Every line below that contains "noteq" is to be copied.

== Records supplied ==
=====

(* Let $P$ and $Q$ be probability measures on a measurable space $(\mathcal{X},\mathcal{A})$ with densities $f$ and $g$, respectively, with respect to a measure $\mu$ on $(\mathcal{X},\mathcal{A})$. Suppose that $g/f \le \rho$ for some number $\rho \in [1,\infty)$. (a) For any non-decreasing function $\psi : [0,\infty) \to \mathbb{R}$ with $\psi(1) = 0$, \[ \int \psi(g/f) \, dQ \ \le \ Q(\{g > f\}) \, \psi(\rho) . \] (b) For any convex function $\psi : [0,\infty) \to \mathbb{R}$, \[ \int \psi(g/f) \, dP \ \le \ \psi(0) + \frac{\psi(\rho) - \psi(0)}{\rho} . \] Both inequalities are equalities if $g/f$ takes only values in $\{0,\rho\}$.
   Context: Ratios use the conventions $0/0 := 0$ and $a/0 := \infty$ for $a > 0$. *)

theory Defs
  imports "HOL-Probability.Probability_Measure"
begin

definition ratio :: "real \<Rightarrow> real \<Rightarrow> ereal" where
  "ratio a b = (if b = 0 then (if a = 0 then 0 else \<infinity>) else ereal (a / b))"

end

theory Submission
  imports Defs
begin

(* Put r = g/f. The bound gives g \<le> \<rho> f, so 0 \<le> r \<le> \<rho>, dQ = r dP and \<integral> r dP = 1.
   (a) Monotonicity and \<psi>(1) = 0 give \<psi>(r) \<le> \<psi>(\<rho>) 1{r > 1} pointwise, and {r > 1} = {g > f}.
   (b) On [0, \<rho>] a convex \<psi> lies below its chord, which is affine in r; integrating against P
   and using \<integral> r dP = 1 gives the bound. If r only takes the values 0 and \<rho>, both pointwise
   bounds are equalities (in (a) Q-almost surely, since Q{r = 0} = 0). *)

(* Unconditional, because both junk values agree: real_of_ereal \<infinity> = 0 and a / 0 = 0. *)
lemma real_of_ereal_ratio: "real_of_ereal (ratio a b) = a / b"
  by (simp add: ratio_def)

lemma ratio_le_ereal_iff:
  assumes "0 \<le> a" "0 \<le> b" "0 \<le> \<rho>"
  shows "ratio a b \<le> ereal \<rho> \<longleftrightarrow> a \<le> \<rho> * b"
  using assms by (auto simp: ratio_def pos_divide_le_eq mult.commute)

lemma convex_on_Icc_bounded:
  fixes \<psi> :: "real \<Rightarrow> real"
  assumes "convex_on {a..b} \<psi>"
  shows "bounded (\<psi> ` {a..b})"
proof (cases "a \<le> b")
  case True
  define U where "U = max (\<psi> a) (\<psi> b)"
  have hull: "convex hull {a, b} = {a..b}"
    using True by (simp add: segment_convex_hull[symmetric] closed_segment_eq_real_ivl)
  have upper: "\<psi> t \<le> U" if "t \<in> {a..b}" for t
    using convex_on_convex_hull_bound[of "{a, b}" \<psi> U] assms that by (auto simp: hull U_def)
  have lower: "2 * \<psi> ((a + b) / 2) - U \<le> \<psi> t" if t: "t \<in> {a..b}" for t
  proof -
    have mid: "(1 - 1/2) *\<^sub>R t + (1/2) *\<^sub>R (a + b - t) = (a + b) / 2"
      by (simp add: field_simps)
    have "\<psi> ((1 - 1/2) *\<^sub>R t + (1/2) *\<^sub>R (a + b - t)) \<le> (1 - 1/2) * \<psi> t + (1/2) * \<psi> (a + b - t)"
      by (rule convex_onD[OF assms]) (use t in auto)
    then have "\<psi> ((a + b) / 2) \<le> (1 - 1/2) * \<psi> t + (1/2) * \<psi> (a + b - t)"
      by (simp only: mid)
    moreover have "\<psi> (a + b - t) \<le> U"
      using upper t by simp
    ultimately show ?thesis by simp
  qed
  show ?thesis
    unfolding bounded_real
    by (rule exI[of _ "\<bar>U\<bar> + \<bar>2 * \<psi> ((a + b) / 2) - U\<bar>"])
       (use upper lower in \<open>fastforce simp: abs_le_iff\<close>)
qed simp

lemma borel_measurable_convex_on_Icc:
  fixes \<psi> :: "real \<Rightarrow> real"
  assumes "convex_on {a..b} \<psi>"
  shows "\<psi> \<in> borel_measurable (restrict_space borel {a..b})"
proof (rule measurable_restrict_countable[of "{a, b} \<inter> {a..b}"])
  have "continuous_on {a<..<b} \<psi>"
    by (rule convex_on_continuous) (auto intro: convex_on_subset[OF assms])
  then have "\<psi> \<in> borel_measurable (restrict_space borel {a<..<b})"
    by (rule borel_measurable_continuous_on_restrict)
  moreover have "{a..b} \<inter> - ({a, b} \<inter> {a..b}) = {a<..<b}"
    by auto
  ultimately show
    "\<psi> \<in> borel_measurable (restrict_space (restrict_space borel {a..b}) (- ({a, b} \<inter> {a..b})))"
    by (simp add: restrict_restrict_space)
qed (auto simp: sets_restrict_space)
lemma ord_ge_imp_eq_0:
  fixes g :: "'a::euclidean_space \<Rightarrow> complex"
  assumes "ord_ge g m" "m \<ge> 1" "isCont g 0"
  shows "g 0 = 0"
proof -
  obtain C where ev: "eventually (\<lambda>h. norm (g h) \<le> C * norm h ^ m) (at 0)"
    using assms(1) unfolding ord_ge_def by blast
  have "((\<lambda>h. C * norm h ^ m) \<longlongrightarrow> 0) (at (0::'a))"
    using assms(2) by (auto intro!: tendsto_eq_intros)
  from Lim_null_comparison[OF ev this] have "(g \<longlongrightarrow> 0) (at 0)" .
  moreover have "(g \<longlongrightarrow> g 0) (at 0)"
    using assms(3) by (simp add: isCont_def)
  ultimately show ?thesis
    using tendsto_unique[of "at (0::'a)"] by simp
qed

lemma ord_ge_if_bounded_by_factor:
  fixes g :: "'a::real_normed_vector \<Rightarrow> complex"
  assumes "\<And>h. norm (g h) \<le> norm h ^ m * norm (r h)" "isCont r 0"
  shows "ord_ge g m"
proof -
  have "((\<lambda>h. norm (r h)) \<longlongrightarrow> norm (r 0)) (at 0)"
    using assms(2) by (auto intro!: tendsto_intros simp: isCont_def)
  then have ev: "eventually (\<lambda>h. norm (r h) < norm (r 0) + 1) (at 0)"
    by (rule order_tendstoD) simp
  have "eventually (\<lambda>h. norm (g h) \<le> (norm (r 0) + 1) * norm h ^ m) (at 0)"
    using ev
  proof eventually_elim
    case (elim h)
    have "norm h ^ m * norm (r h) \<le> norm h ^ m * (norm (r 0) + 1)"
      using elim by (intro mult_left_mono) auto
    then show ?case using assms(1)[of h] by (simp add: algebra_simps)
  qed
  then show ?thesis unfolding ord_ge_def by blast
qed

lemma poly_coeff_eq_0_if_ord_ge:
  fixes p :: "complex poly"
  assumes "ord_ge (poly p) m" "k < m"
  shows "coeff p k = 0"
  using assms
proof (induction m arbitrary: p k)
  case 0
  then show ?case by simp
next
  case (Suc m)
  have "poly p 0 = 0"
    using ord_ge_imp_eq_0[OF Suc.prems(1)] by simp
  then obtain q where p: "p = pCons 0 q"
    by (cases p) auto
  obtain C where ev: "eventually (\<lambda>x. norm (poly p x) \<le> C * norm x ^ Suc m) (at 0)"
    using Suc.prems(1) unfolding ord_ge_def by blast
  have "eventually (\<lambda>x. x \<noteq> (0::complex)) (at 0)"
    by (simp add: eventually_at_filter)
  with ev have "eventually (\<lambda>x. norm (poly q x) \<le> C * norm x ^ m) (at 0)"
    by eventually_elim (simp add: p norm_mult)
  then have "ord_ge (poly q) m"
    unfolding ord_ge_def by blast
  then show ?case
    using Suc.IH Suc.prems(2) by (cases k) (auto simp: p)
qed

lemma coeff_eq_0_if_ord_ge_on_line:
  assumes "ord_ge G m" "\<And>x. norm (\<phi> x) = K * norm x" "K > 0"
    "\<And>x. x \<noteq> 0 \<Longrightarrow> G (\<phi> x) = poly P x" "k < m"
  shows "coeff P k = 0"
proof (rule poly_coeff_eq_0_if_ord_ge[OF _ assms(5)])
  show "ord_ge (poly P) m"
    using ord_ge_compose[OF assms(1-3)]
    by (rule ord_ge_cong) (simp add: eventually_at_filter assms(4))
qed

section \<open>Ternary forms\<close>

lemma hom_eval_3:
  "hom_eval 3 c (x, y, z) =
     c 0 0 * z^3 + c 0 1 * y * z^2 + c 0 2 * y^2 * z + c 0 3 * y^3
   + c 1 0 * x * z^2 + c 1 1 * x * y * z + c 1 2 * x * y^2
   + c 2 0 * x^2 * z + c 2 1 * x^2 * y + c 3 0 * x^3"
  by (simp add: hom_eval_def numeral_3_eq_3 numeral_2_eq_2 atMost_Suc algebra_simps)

=====

== Answer to the problem ==
  have "eventually (\<lambda>x. x \<noteq> (0::complex)) (at 0)"
    "\<And>x. x \<noteq> 0 \<Longrightarrow> G (\<phi> x) = poly P x" "k < m"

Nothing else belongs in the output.